Dans leurs cachots, aucun confort. Ils y mangent et y font leurs besoins physiologiques à longueur de journée, au su et au vu de leurs collègues.
A l’intérieur des deux premières pièces, une photo du nouveau chef d’Etat, René Garcia Préval, installé dans ses fonctions le 14 mai 2006, sert de décor. Des barrières solidement cadenassées les empêchent de s’évader.
Parmi les détenus, 4 femmes connaissent, à un niveau moindre, les mêmes tribulations que leurs frères mâles. Elles peuvent, tout au moins, s’endormir sans penser à écourter leur sommeil.
En général, tous les individus en contravention avec la loi, dans la prison du commissariat d’Aquin, n’ont droit qu’à un seul repas, ils se baignent une seule fois par jour.
Pas de lit, ni de loisirs. Ils voient passer les jours et les nuits comme ils étaient venus, attendant une issue heureuse à leur statut.
Pourquoi sont-ils emprisonnés ?
Les conditions de vie des prévenus sont aussi déplorables que les raisons de leur incarcération.

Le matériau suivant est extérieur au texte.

lemma cf_den_mult_sub_num:
  "real (cf_den \<alpha> n) * \<alpha> - of_int (cf_num \<alpha> n) = (-1) ^ Suc n * cf_theta \<alpha> n"
proof (induction n rule: induct_nat_012)
  case (ge2 n)
  have "real (cf_den \<alpha> (Suc (Suc n))) * \<alpha> - of_int (cf_num \<alpha> (Suc (Suc n)))
      = real (cf_a \<alpha> (Suc n)) * (real (cf_den \<alpha> (Suc n)) * \<alpha> - of_int (cf_num \<alpha> (Suc n)))
        + (real (cf_den \<alpha> n) * \<alpha> - of_int (cf_num \<alpha> n))"
    by (simp add: cf_den_Suc_Suc algebra_simps)
  also have "\<dots> = (-1) ^ Suc n * (cf_theta \<alpha> n - real (cf_a \<alpha> (Suc n)) * cf_theta \<alpha> (Suc n))"
    using ge2 by (simp add: algebra_simps)
  finally show ?case by (simp add: cf_theta_Suc_Suc)
qed (simp_all add: cf_den.simps(2) cf_theta_def)

lemma cf_q_Suc_Suc_ge: "cf_q \<alpha> (Suc j) + cf_q \<alpha> j \<le> cf_q \<alpha> (Suc (Suc j))"
  using cf_a_Suc_ge_1[of "Suc j"] by simp

lemma cf_q_pos: "0 < cf_q \<alpha> j"
proof (induction j rule: induct_nat_012)
  case (ge2 j)
  then show ?case by simp
qed (use cf_a_Suc_ge_1[of 0] in simp_all)

context
  assumes a1: "2 \<le> cf_a \<alpha> 1"
begin

lemma lt_half_if_cf_a_1_ge_2: "\<alpha> < 1 / 2"
proof -
  have "2 \<le> 1 / \<alpha>" using a1 cf_a_Suc_eq[of 0] by simp linarith
  then have "\<alpha> \<le> 1 / 2" using \<alpha> by (simp add: field_simps)
  moreover have "(1 / 2 :: real) \<in> \<rat>" by simp
  ultimately show ?thesis using \<alpha>(3) by (metis order_le_less)
qed

lemma dist_int_cf_q: "dist_int (real (cf_q \<alpha> j) * \<alpha>) = cf_theta \<alpha> (Suc j)"
proof -
  have "\<bar>real (cf_q \<alpha> j) * \<alpha> - of_int (cf_num \<alpha> (Suc j))\<bar> = cf_theta \<alpha> (Suc j)"
    using cf_den_mult_sub_num[of "Suc j"] cf_theta_pos[of "Suc j"] by (simp add: cf_den.simps(2) abs_mult)
  moreover have "cf_theta \<alpha> (Suc j) < 1 / 2" using cf_theta_Suc_le[of j] lt_half_if_cf_a_1_ge_2 by linarith
  ultimately have "round (real (cf_q \<alpha> j) * \<alpha>) = cf_num \<alpha> (Suc j)"
    by (intro round_unique') simp
  with \<open>\<bar>_\<bar> = _\<close> show ?thesis by (simp add: dist_int_def)
qed

lemma cf_q_ge_2: "1 \<le> j \<Longrightarrow> 2 \<le> cf_q \<alpha> j"
proof (induction j rule: induct_nat_012)
  case (ge2 j)
  then show ?case using cf_q_Suc_Suc_ge[of j] by (cases j) auto
qed (use a1 in simp_all)

lemma one_lt_cf_dist_combination_mult:
  assumes "2 \<le> k"
  shows "1 < (dist_int (real (cf_q \<alpha> (k - 1)) * \<alpha>)
              + (real (cf_a \<alpha> (k + 1)) + 1) * dist_int (real (cf_q \<alpha> k) * \<alpha>))
             * (real (cf_q \<alpha> k) - 1)"
proof -
  obtain j where k: "k = Suc (Suc j)" using assms by (metis add_2_eq_Suc le_Suc_ex)
  define q q' a where "q = real (cf_q \<alpha> k)" and "q' = real (cf_q \<alpha> (k - 1))"
    and "a = real (cf_a \<alpha> (Suc k))"
  define \<theta> \<theta>' \<theta>'' where "\<theta> = cf_theta \<alpha> k" and "\<theta>' = cf_theta \<alpha> (Suc k)"
    and "\<theta>'' = cf_theta \<alpha> (Suc (Suc k))"
  have det: "q * \<theta> + q' * \<theta>' = 1"
    using cf_den_theta_det[of k] unfolding q_def q'_def \<theta>_def \<theta>'_def k by (simp add: cf_den.simps(2))
  have rec: "\<theta>'' = \<theta> - a * \<theta>'"
    using cf_theta_Suc_Suc[of k] unfolding \<theta>_def \<theta>'_def \<theta>''_def a_def .
  have "0 < \<theta>'" "\<theta>'' < \<theta>'"
    using cf_theta_pos cf_theta_Suc_lt unfolding \<theta>'_def \<theta>''_def by auto
  have "2 \<le> q'" using cf_q_ge_2[of "k - 1"] unfolding q'_def k by simp
  have "cf_q \<alpha> (k - 1) + 1 \<le> cf_q \<alpha> k"
    using cf_q_Suc_Suc_ge[of j] cf_q_pos[of j] unfolding k by (simp del: cf_q.simps)
  then have "q' + 1 \<le> q" unfolding q_def q'_def by linarith
  have "1 \<le> a" using cf_a_Suc_ge_1[of k] unfolding a_def by simp
  have "q' \<le> (a + 1) * (q - 2)"
  proof -
    have "2 * (q - 2) \<le> (a + 1) * (q - 2)"
      using \<open>1 \<le> a\<close> \<open>q' + 1 \<le> q\<close> \<open>2 \<le> q'\<close> by (intro mult_right_mono) auto
    moreover have "2 * (q - 2) = 2 * q - 4" by simp
    ultimately show ?thesis using \<open>q' + 1 \<le> q\<close> \<open>2 \<le> q'\<close> by linarith
  qed
  then have "0 \<le> \<theta>' * ((a + 1) * (q - 2) - q')" using \<open>0 < \<theta>'\<close> by simp
  moreover have "(\<theta> + (a + 1) * \<theta>') * (q - 1) = 1 + \<theta>' * ((a + 1) * (q - 2) - q') + (\<theta>' - \<theta>'')"
    using det rec by algebra
  ultimately have "1 < (\<theta> + (a + 1) * \<theta>') * (q - 1)" using \<open>\<theta>'' < \<theta>'\<close> by linarith
  moreover have "Suc (k - 1) = k" using assms by simp
  ultimately show ?thesis
    using dist_int_cf_q[of "k - 1"] dist_int_cf_q[of k]
    unfolding q_def a_def \<theta>_def \<theta>'_def by simp
qed

end

end

theorem lemma3p2:
  fixes \<alpha> :: real and m k :: nat
  assumes "0 < \<alpha>" "\<alpha> < 1" "\<alpha> \<notin> \<rat>"
    and "cf_a \<alpha> 1 \<ge> 2"
    and "m > 0" and "k \<ge> 2"
    and "dist_int (real m * \<alpha>) \<ge>
           dist_int (real (cf_q \<alpha> (k - 1)) * \<alpha>)
           + (real (cf_a \<alpha> (k + 1)) + 1) * dist_int (real (cf_q \<alpha> k) * \<alpha>)"
  shows "int (ab \<alpha> m) < int (cf_q \<alpha> k) - 1"
proof -
  define d where "d = dist_int (real m * \<alpha>)"
  have "0 \<le> real (cf_q \<alpha> k) - 1"
    using cf_q_ge_2[OF assms(1-4), of k] assms(6) by simp
  then have "(dist_int (real (cf_q \<alpha> (k - 1)) * \<alpha>)
              + (real (cf_a \<alpha> (k + 1)) + 1) * dist_int (real (cf_q \<alpha> k) * \<alpha>))
             * (real (cf_q \<alpha> k) - 1) \<le> d * (real (cf_q \<alpha> k) - 1)"
    using assms(7) unfolding d_def by (rule mult_right_mono[rotated])
  then have "1 < d * (real (cf_q \<alpha> k) - 1)"
    using one_lt_cf_dist_combination_mult[OF assms(1-4,6)] by linarith
  moreover have "real (ab \<alpha> m) * d < 1"
    using ab_mult_dist_int_lt_1[OF assms(1-3)] unfolding d_def .
  ultimately have "real (ab \<alpha> m) * d < (real (cf_q \<alpha> k) - 1) * d" by (simp add: mult.commute)
  then have "real (ab \<alpha> m) < real (cf_q \<alpha> k) - 1"
    using dist_int_nonneg unfolding d_def by (rule mult_right_less_imp_less)
  then show ?thesis by linarith
qed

Parmi les 4 femmes incarcérées à Aquin, 2 sœurs sont retenues depuis 7 mois en prison en lieu et place de leur père, accusé d’avoir commis un meurtre sur une personne.
Un autre cas est celui d’une mère de famille, accusée d’avoir administré du poison à un enfant qu’elle protégeait, selon ses déclarations. L’enfant en question vit encore, suivant les informations fournies à AlterPresse par la détenue.
La quatrième femme détenue, apparemment la plus jeune, est écrouée pour avoir arraché l’œil d’une jeune femme au cours d’une bagarre, ce qu’elle a d’ailleurs avoué.
Coté hommes, un mineur de 16 ans partage une cellule avec 19 autres personnes beaucoup plus âgées. Un homme de 48 ans séjourne aussi dans la cellule. Depuis 7 mois, le petit Kenson Cétène est retenu par la justice dans le cadre d’une enquête qui n’a jamais eu lieu, paraît-il.
D’autres incarcérés expliquent qu’ils n’auraient perpétré aucun forfait. Du nombre des prisonniers, un ancien militaire et un chef d’organisation populaire pro lavalas, tous deux incriminés pour des actes de banditisme, se seraient réconciliés.
Les prisonniers au centre de détention à Aquin dénoncent l’attitude des juges qui, selon eux, exigeraient de l’argent en contrepartie de leur libération.
« Ici, c’est la loi de l’argent qui prédomine, il faut pouvoir payer aux juges entre 20,000 et 25,000 gourdes (entre 500 et 625 dollars américains), en échange de sa libération », confie un prévenu.
Le juge d’instruction à Aquin, Julio Apollon, ne dément pas ces dénonciations. Dans une entrevue à des journalistes le jour de la fête du drapeau, le magistrat a déclaré, qu’ « il y a de bons juges et de mauvais juges ». Des responsables de médias et d’autres citoyens de la ville abondent dans le même sens.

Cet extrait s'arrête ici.